Autohandel Gekauft wie gegoogelt

Foto: Daimler AG - Global Communicatio

Vor dem Autokauf sind Kunden heute vernetzt und informiert wie nie. Der Erstkontakt findet nicht mehr im Autohaus statt. Für den Handel hat die Digitalisierung gravierende Folgen.

Fachkräftemangel, Rabattschlachten, demografischer Wandel – ein Autohändler hat es nicht einfach in diesen Zeiten. Hinter der derzeit dunkelsten Wolke am Horizont aber verbirgt sich der Begriff Digitalisierung. Ob sie Ursache oder Folge eines geänderten Kaufverhaltens ist, darüber streiten sich die Konsumforscher.

Unstrittig aber ist, dass klassische Vertriebsstrategien Auslaufmodelle sind. "Durch das Internet kommen die Kunden heute wesentlich besser informiert zum Händler. Und verbringen wesentlich weniger Zeit bei ihm", konstatiert Jörg ­Hönemann, Unternehmensberater und Automotive-Experte bei Ernst & Young.

Händler müssen Internet in traditionelle Vertriebskanäle integrieren

Die Online-Präsenz der Händler sei daher ein wesentlicher Ansatzpunkt. Sie müsse optimal gestaltet sein und in die traditionellen Vertriebskanäle integriert werden. »Dabei hilft, dass der Autohandel wesentlich mehr Wissen über seine Kunden in Erfahrung bringen kann als früher. Wir alle sind doch heute bereit, im Internet umfangreiche Informationen über uns preiszugeben.

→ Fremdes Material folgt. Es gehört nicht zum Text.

lemma continuous_map_Q6_zeta: "continuous_map (Q6_top S) (Q6_top S) Q6_zeta"
  unfolding continuous_map_def
proof (intro conjI allI impI)
  show "Q6_zeta \<in> topspace (Q6_top S) \<rightarrow> topspace (Q6_top S)"
    by (auto simp: Q6_zeta_def)
next
  fix U assume "openin (Q6_top S) U"
  then obtain F where U: "U = Sigma UNIV F" and F: "\<And>b. openin S (F b)"
    by (auto simp: Q6_top_def openin_sum_topology_alt)
  have "{p \<in> topspace (Q6_top S). Q6_zeta p \<in> U} = Sigma UNIV (\<lambda>b. F (\<not> b))"
    using F openin_subset by (fastforce simp: U Q6_zeta_def)
  then show "openin (Q6_top S) {p \<in> topspace (Q6_top S). Q6_zeta p \<in> U}"
    using F by (simp add: Q6_top_def openin_disjoint_union)
qed

lemma partial_order_on_set_Q6_le: "partial_order_on_set P (Q6_le I)"
  unfolding partial_order_on_set_def Q6_le_def by auto

lemma decreasing_set_Q6_Sigma:
  assumes "\<And>b. F b \<subseteq> T"
    and "\<And>u v. u \<in> F True \<Longrightarrow> v \<in> T \<Longrightarrow> v \<noteq> u \<or> v \<notin> I \<Longrightarrow> v \<in> F False"
  shows "decreasing_set (UNIV \<times> T) (Q6_le I) (Sigma UNIV F)"
  unfolding decreasing_set_def
proof (intro conjI ballI impI)
  show "Sigma UNIV F \<subseteq> UNIV \<times> T" using assms(1) by auto
next
  fix p q assume "p \<in> Sigma UNIV F" "q \<in> UNIV \<times> T" "Q6_le I q p"
  then show "q \<in> Sigma UNIV F"
    using assms(2) by (cases p; cases q) (auto simp: Q6_le_def)
qed

lemma Q6_separating_down_set:
  assumes "\<And>b. openin S (F b)" "\<And>b. closedin S (F b)"
    and "\<And>u v. u \<in> F True \<Longrightarrow> v \<in> topspace S \<Longrightarrow> v \<noteq> u \<or> v \<notin> I \<Longrightarrow> v \<in> F False"
    and "x \<in> Sigma UNIV F" "y \<notin> Sigma UNIV F"
  shows "\<exists>U. openin (Q6_top S) U \<and> closedin (Q6_top S) U \<and>
           decreasing_set (topspace (Q6_top S)) (Q6_le I) U \<and> x \<in> U \<and> y \<notin> U"
proof (intro exI conjI)
  show "decreasing_set (topspace (Q6_top S)) (Q6_le I) (Sigma UNIV F)"
    unfolding topspace_Q6_top using openin_subset[OF assms(1)] assms(3) by (rule decreasing_set_Q6_Sigma)
qed (use assms clopen_Q6_top_Sigma[OF assms(1,2)] in auto)

lemma priestley_space_Q6:
  assumes S: "stone_space S" and I: "\<forall>x\<in>I. openin S {x}"
  shows "priestley_space (Q6_top S) (Q6_le I)"
  unfolding priestley_space_def
proof (intro conjI ballI impI)
  show "compact_space (Q6_top S)"
    using S by (simp add: Q6_top_def stone_space_def compact_space_sum_topology)
  show "partial_order_on_set (topspace (Q6_top S)) (Q6_le I)"
    by (rule partial_order_on_set_Q6_le)
next
  let ?T = "topspace S"
  have "t1_space S"
    using S by (rule stone_space_imp_t1_space)
  fix x y assume "x \<in> topspace (Q6_top S)" "y \<in> topspace (Q6_top S)" and yx: "\<not> Q6_le I y x"
  then obtain b s c t where x: "x = (b, s)" and y: "y = (c, t)" and st: "s \<in> ?T" "t \<in> ?T"
    by auto
  show "\<exists>U. openin (Q6_top S) U \<and> closedin (Q6_top S) U \<and>
          decreasing_set (topspace (Q6_top S)) (Q6_le I) U \<and> x \<in> U \<and> y \<notin> U"
  proof (cases "b = c")
    case True
    with yx have "s \<noteq> t" by (auto simp: x y Q6_le_def)
    then obtain V where V: "openin S V" "closedin S V" "s \<in> V" "t \<notin> V"
      using stone_space_separate_points[OF S st] by blast
    show ?thesis
    proof (cases b)
      case True
      show ?thesis
        by (rule Q6_separating_down_set[where F = "\<lambda>b. if b then V else ?T"])
           (use V True \<open>b = c\<close> closedin_subset[OF V(2)] in \<open>auto simp: x y\<close>)
    next
      case False
      show ?thesis
        by (rule Q6_separating_down_set[where F = "\<lambda>b. if b then {} else V"])
           (use V False \<open>b = c\<close> in \<open>auto simp: x y\<close>)
    qed
  next
    case False
    show ?thesis
    proof (cases b)
      case True
      with yx False have "t = s" "s \<in> I" by (auto simp: x y Q6_le_def)
      moreover have "openin S {s}" "closedin S {s}"
        using I \<open>s \<in> I\<close> \<open>t1_space S\<close> st by (auto simp: t1_space_closedin_singleton)
      ultimately show ?thesis
        by (intro Q6_separating_down_set[where F = "\<lambda>b. if b then {s} else ?T - {s}"])
           (use True False in \<open>auto simp: x y openin_diff closedin_diff\<close>)
    next
      case False
      show ?thesis
        by (rule Q6_separating_down_set[where F = "\<lambda>b. if b then {} else ?T"])
           (use False \<open>b \<noteq> c\<close> st in \<open>auto simp: x y\<close>)
    qed
  qed
qed

lemma up_closure_Q6_Sigma:
  assumes "\<And>b. F b \<subseteq> T"
  shows "up_closure (UNIV \<times> T) (Q6_le I) (Sigma UNIV F) =
    Sigma UNIV (\<lambda>b. if b then F True \<union> {t \<in> T. \<exists>s \<in> F False. s \<noteq> t \<or> s \<notin> I} else F False)"
  unfolding up_closure_def
proof (intro set_eqI iffI)
  fix p assume "p \<in> {q \<in> UNIV \<times> T. \<exists>p\<in>Sigma UNIV F. Q6_le I p q}"
  then obtain b t c s where "p = (b, t)" "t \<in> T" "s \<in> F c" "Q6_le I (c, s) (b, t)"
    by auto
  then show "p \<in> Sigma UNIV (\<lambda>b. if b then F True \<union> {t \<in> T. \<exists>s \<in> F False. s \<noteq> t \<or> s \<notin> I} else F False)"
    by (cases b; cases c) (auto simp: Q6_le_def)
next
  fix p assume "p \<in> Sigma UNIV (\<lambda>b. if b then F True \<union> {t \<in> T. \<exists>s \<in> F False. s \<noteq> t \<or> s \<notin> I} else F False)"
  then obtain b t where p: "p = (b, t)"
    and t: "t \<in> (if b then F True \<union> {t \<in> T. \<exists>s \<in> F False. s \<noteq> t \<or> s \<notin> I} else F False)"
    by blast
  show "p \<in> {q \<in> UNIV \<times> T. \<exists>p\<in>Sigma UNIV F. Q6_le I p q}"
  proof (cases "t \<in> F b")
    case True
    with assms have "(b, t) \<in> Sigma UNIV F" "t \<in> T"
      by auto
    then show ?thesis
      unfolding p Q6_le_def by blast
  next
    case False
    with t obtain s where "b" "t \<in> T" "s \<in> F False" "s \<noteq> t \<or> s \<notin> I"
      by (auto split: if_splits)
    then have "p = (True, t)" "Q6_le I (False, s) (True, t)"
      by (simp_all add: p Q6_le_def)
    with \<open>t \<in> T\<close> \<open>s \<in> F False\<close> show ?thesis
      by blast
  qed
qed
text \<open>Unbounded signals: P(L > M) > 0 and P(L < -M) > 0 for all M, where P is
  the unconditional law (uniform prior over the state).\<close>
definition unbounded_signals :: "real measure \<Rightarrow> real measure \<Rightarrow> bool" where
  "unbounded_signals Fp Fm \<longleftrightarrow>
     (\<forall>M::real.
        (measure Fp {s \<in> space Fp. LLR Fp Fm s > M} + measure Fm {s \<in> space Fm. LLR Fp Fm s > M}) / 2 > 0 \<and>
        (measure Fp {s \<in> space Fp. LLR Fp Fm s < -M} + measure Fm {s \<in> space Fm. LLR Fp Fm s < -M}) / 2 > 0)"

definition Dplus :: "real measure \<Rightarrow> real measure \<Rightarrow> real \<Rightarrow> real" where
  "Dplus Fp Fm x = ln ((1 - Gp Fp Fm (-x)) / (1 - Gm Fp Fm (-x)))"

definition Dminus :: "real measure \<Rightarrow> real measure \<Rightarrow> real \<Rightarrow> real" where
  "Dminus Fp Fm x = ln (Gp Fp Fm (-x) / Gm Fp Fm (-x))"

end

theory Submission
  imports Defs
begin

text \<open>On the event \<open>{L \<le> -x}\<close> the density \<open>dFp/dFm = exp L\<close> is at most \<open>exp (-x)\<close>, so
  \<open>G\<^sub>+(-x) \<le> exp (-x) G\<^sub>-(-x)\<close>, i.e. \<open>D\<^sub>-(x) \<le> -x\<close>. On the slab \<open>{-3x/2 < L \<le> -x}\<close> the density
  is at least \<open>exp (-3x/2)\<close>, and the power law puts the fixed fraction \<open>q = 1 - (3/2)\<^sup>-\<^sup>k\<close> of the
  mass \<open>G\<^sub>-(-x)\<close> there, so \<open>D\<^sub>-(x) \<ge> -3x/2 + ln q \<ge> -2x\<close> once \<open>x \<ge> -2 ln q\<close>. The upper
  tail is symmetric: \<open>x \<le> D\<^sub>+(-x) \<le> 3x/2 - ln q \<le> 2x\<close>.\<close>

lemma signal_model_prob_space:
  assumes "signal_model Fp Fm"
  shows "prob_space Fp" "prob_space Fm"
  using assms by (auto simp: signal_model_def)

lemma signal_model_sets:
  assumes "signal_model Fp Fm"
  shows "sets Fp = sets borel" "sets Fm = sets borel"
  using assms by (auto simp: signal_model_def)

lemma signal_model_space:
  assumes "signal_model Fp Fm"
  shows "space Fp = UNIV" "space Fm = UNIV"
  using signal_model_sets[OF assms] by (metis sets_eq_imp_space_eq space_borel)+

lemma signal_model_density_RN_deriv:
  assumes "signal_model Fp Fm"
  shows "density Fm (RN_deriv Fm Fp) = Fp"
  using assms signal_model_prob_space[OF assms]
  by (intro sigma_finite_measure.density_RN_deriv)
     (auto simp: signal_model_def prob_space_imp_sigma_finite)

lemma LLR_measurable [measurable]:
  assumes "signal_model Fp Fm"
  shows "LLR Fp Fm \<in> borel_measurable borel"
proof -
  have "RN_deriv Fm Fp \<in> borel_measurable borel"
    using borel_measurable_RN_deriv[of Fm Fp] signal_model_sets(2)[OF assms]
      measurable_cong_sets by blast
  then show ?thesis unfolding LLR_def[abs_def] by measurable
qed

text \<open>Where \<open>LLR = 0\<close> the density may be \<open>0\<close> or \<open>\<infinity>\<close> (\<open>ln 0 = 0\<close> and \<open>enn2real \<infinity> = 0\<close>),
  so it is recovered from the log-likelihood ratio only off that set.\<close>
lemma RN_deriv_eq_exp_LLR:
  assumes "LLR Fp Fm s \<noteq> 0"
  shows "RN_deriv Fm Fp s = ennreal (exp (LLR Fp Fm s))"
proof -
  let ?r = "enn2real (RN_deriv Fm Fp s)"
  have "?r \<noteq> 0" using assms by (auto simp: LLR_def)
  then have r: "?r > 0" using enn2real_nonneg[of "RN_deriv Fm Fp s"] by linarith
  then have "RN_deriv Fm Fp s = ennreal ?r" by (cases "RN_deriv Fm Fp s") auto
  then show ?thesis using r by (simp add: LLR_def)
qed

lemma emeasure_eq_nn_integral_RN_deriv:
  assumes "signal_model Fp Fm" "S \<in> sets borel"
  shows "emeasure Fp S = (\<integral>\<^sup>+ s. RN_deriv Fm Fp s * indicator S s \<partial>Fm)"
  using assms signal_model_sets(2)[OF assms(1)]
  by (subst signal_model_density_RN_deriv[OF assms(1), symmetric]) (auto intro: emeasure_density)

lemma signal_model_emeasure_eq_measure:
  assumes "signal_model Fp Fm"
  shows "emeasure Fp S = ennreal (measure Fp S)" "emeasure Fm S = ennreal (measure Fm S)"
  using signal_model_prob_space[OF assms]
  by (auto intro: finite_measure.emeasure_eq_measure prob_space.finite_measure)

lemma exp_mult_measure_le_measure:
  assumes "signal_model Fp Fm" "S \<in> sets borel"
    and "\<And>s. s \<in> S \<Longrightarrow> a \<le> LLR Fp Fm s \<and> LLR Fp Fm s \<noteq> 0"
  shows "exp a * measure Fm S \<le> measure Fp S"
proof -
  have "ennreal (exp a) * emeasure Fm S = (\<integral>\<^sup>+ s. ennreal (exp a) * indicator S s \<partial>Fm)"
    using assms(2) signal_model_sets(2)[OF assms(1)] by (simp add: nn_integral_cmult_indicator)
  also have "\<dots> \<le> (\<integral>\<^sup>+ s. RN_deriv Fm Fp s * indicator S s \<partial>Fm)"
    using assms(3) RN_deriv_eq_exp_LLR[of Fp Fm]
    by (intro nn_integral_mono) (auto simp: indicator_def ennreal_leI)
  also have "\<dots> = emeasure Fp S"
    using emeasure_eq_nn_integral_RN_deriv[OF assms(1,2)] by simp
  finally show ?thesis
    by (simp add: signal_model_emeasure_eq_measure[OF assms(1)] ennreal_mult'[symmetric])
qed

lemma measure_le_exp_mult_measure:
  assumes "signal_model Fp Fm" "S \<in> sets borel"
    and "\<And>s. s \<in> S \<Longrightarrow> LLR Fp Fm s \<le> b \<and> LLR Fp Fm s \<noteq> 0"
  shows "measure Fp S \<le> exp b * measure Fm S"
proof -
  have "emeasure Fp S = (\<integral>\<^sup>+ s. RN_deriv Fm Fp s * indicator S s \<partial>Fm)"
    using emeasure_eq_nn_integral_RN_deriv[OF assms(1,2)] .
  also have "\<dots> \<le> (\<integral>\<^sup>+ s. ennreal (exp b) * indicator S s \<partial>Fm)"
    using assms(3) RN_deriv_eq_exp_LLR[of Fp Fm]
    by (intro nn_integral_mono) (auto simp: indicator_def ennreal_leI)
  also have "\<dots> = ennreal (exp b) * emeasure Fm S"
    using assms(2) signal_model_sets(2)[OF assms(1)] by (simp add: nn_integral_cmult_indicator)
  finally show ?thesis
    by (simp add: signal_model_emeasure_eq_measure[OF assms(1)] ennreal_mult'[symmetric])
qed

lemma measure_slab_eq_diff:
  fixes f :: "real \<Rightarrow> real"
  assumes "finite_measure M" "sets M = sets borel" "f \<in> borel_measurable borel" "a \<le> b"
  shows "measure M {s. a < f s \<and> f s \<le> b} = measure M {s. f s \<le> b} - measure M {s. f s \<le> a}"
proof -
  have "{s. a < f s \<and> f s \<le> b} = {s. f s \<le> b} - {s. f s \<le> a}" by auto
  then show ?thesis
    using assms by (simp add: finite_measure.finite_measure_Diff subset_eq)
qed

lemma measure_gt_eq_one_minus_measure_le:
  fixes f :: "real \<Rightarrow> real"
  assumes "prob_space M" "sets M = sets borel" "f \<in> borel_measurable borel"
  shows "measure M {s. a < f s} = 1 - measure M {s. f s \<le> a}"
proof -
  have "space M = UNIV" using assms(2) by (metis sets_eq_imp_space_eq space_borel)
  then have "{s. a < f s} = space M - {s. f s \<le> a}" by auto
  then show ?thesis using assms by (simp add: prob_space.prob_compl)
qed

lemma Gp_eq: "signal_model Fp Fm \<Longrightarrow> Gp Fp Fm a = measure Fp {s. LLR Fp Fm s \<le> a}"
  by (simp add: Gp_def signal_model_space)

lemma Gm_eq: "signal_model Fp Fm \<Longrightarrow> Gm Fp Fm a = measure Fm {s. LLR Fp Fm s \<le> a}"
  by (simp add: Gm_def signal_model_space)

lemma Gp_le_exp_mult_Gm:
  assumes "signal_model Fp Fm" "0 < x"
  shows "Gp Fp Fm (-x) \<le> exp (-x) * Gm Fp Fm (-x)"
  using assms unfolding Gp_eq[OF assms(1)] Gm_eq[OF assms(1)]
  by (intro measure_le_exp_mult_measure) auto

lemma exp_mult_Gm_diff_le_Gp:
  assumes sm: "signal_model Fp Fm" and "0 < x" "x \<le> b"
  shows "exp (-b) * (Gm Fp Fm (-x) - Gm Fp Fm (-b)) \<le> Gp Fp Fm (-x)"
proof -
  let ?S = "{s. -b < LLR Fp Fm s \<and> LLR Fp Fm s \<le> -x}"
  have "Gm Fp Fm (-x) - Gm Fp Fm (-b) = measure Fm ?S"
    using assms signal_model_prob_space[OF sm] signal_model_sets[OF sm]
    by (simp add: Gm_eq measure_slab_eq_diff prob_space.finite_measure)
  moreover have "exp (-b) * measure Fm ?S \<le> measure Fp ?S"
    using assms by (intro exp_mult_measure_le_measure) auto
  moreover have "measure Fp ?S \<le> Gp Fp Fm (-x)"
    using sm signal_model_prob_space[OF sm] signal_model_sets[OF sm]
    by (auto simp: Gp_eq intro!: finite_measure.finite_measure_mono prob_space.finite_measure)
  ultimately show ?thesis by simp
qed

lemma exp_mult_tail_Gm_le_tail_Gp:
  assumes sm: "signal_model Fp Fm" and "0 < x"
  shows "exp x * (1 - Gm Fp Fm x) \<le> 1 - Gp Fp Fm x"
proof -
  have "exp x * measure Fm {s. x < LLR Fp Fm s} \<le> measure Fp {s. x < LLR Fp Fm s}"
    using assms by (intro exp_mult_measure_le_measure) auto
  then show ?thesis
    using signal_model_prob_space[OF sm] signal_model_sets[OF sm]
    by (simp add: Gp_eq[OF sm] Gm_eq[OF sm] measure_gt_eq_one_minus_measure_le LLR_measurable[OF sm])
qed

lemma Gp_diff_le_exp_mult_tail_Gm:
  assumes sm: "signal_model Fp Fm" and "0 < x" "x \<le> b"
  shows "Gp Fp Fm b - Gp Fp Fm x \<le> exp b * (1 - Gm Fp Fm x)"
proof -
  let ?S = "{s. x < LLR Fp Fm s \<and> LLR Fp Fm s \<le> b}"
  have "Gp Fp Fm b - Gp Fp Fm x = measure Fp ?S"
    using assms signal_model_prob_space[OF sm] signal_model_sets[OF sm]
    by (simp add: Gp_eq measure_slab_eq_diff prob_space.finite_measure)
  moreover have "measure Fp ?S \<le> exp b * measure Fm ?S"
    using assms by (intro measure_le_exp_mult_measure) auto
  moreover have "measure Fm ?S \<le> 1 - Gm Fp Fm x"
    using sm signal_model_prob_space[OF sm] signal_model_sets[OF sm]
    by (auto simp: Gm_eq measure_gt_eq_one_minus_measure_le[symmetric] LLR_measurable[OF sm]
        intro!: finite_measure.finite_measure_mono prob_space.finite_measure)
  then have "exp b * measure Fm ?S \<le> exp b * (1 - Gm Fp Fm x)" by simp
  ultimately show ?thesis by linarith
qed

Doch auch der gläserne Kunde muss erst mal in den Laden kommen. Die Unternehmensberatung Capgemini hat für die Studie »Cars Online 2014« in zehn Ländern 10.000 Konsumenten befragt. Die Ergebnisse sind alarmierend, zumindest für jene Händler, die weiter auf die frühere Dreifaltigkeit setzen: Autohausbesuch, Probefahrt, Vertragsunterschrift. Fast alle Befragten gaben an, sich vor dem Kauf als Erstes im Internet zu informieren. Etwa drei Viertel lassen sich von Nutzerkommentaren in Foren, Blogs oder Social-Media-Plattformen beeinflussen. Bei den 18- bis 34-Jährigen sind es sogar 91 Prozent.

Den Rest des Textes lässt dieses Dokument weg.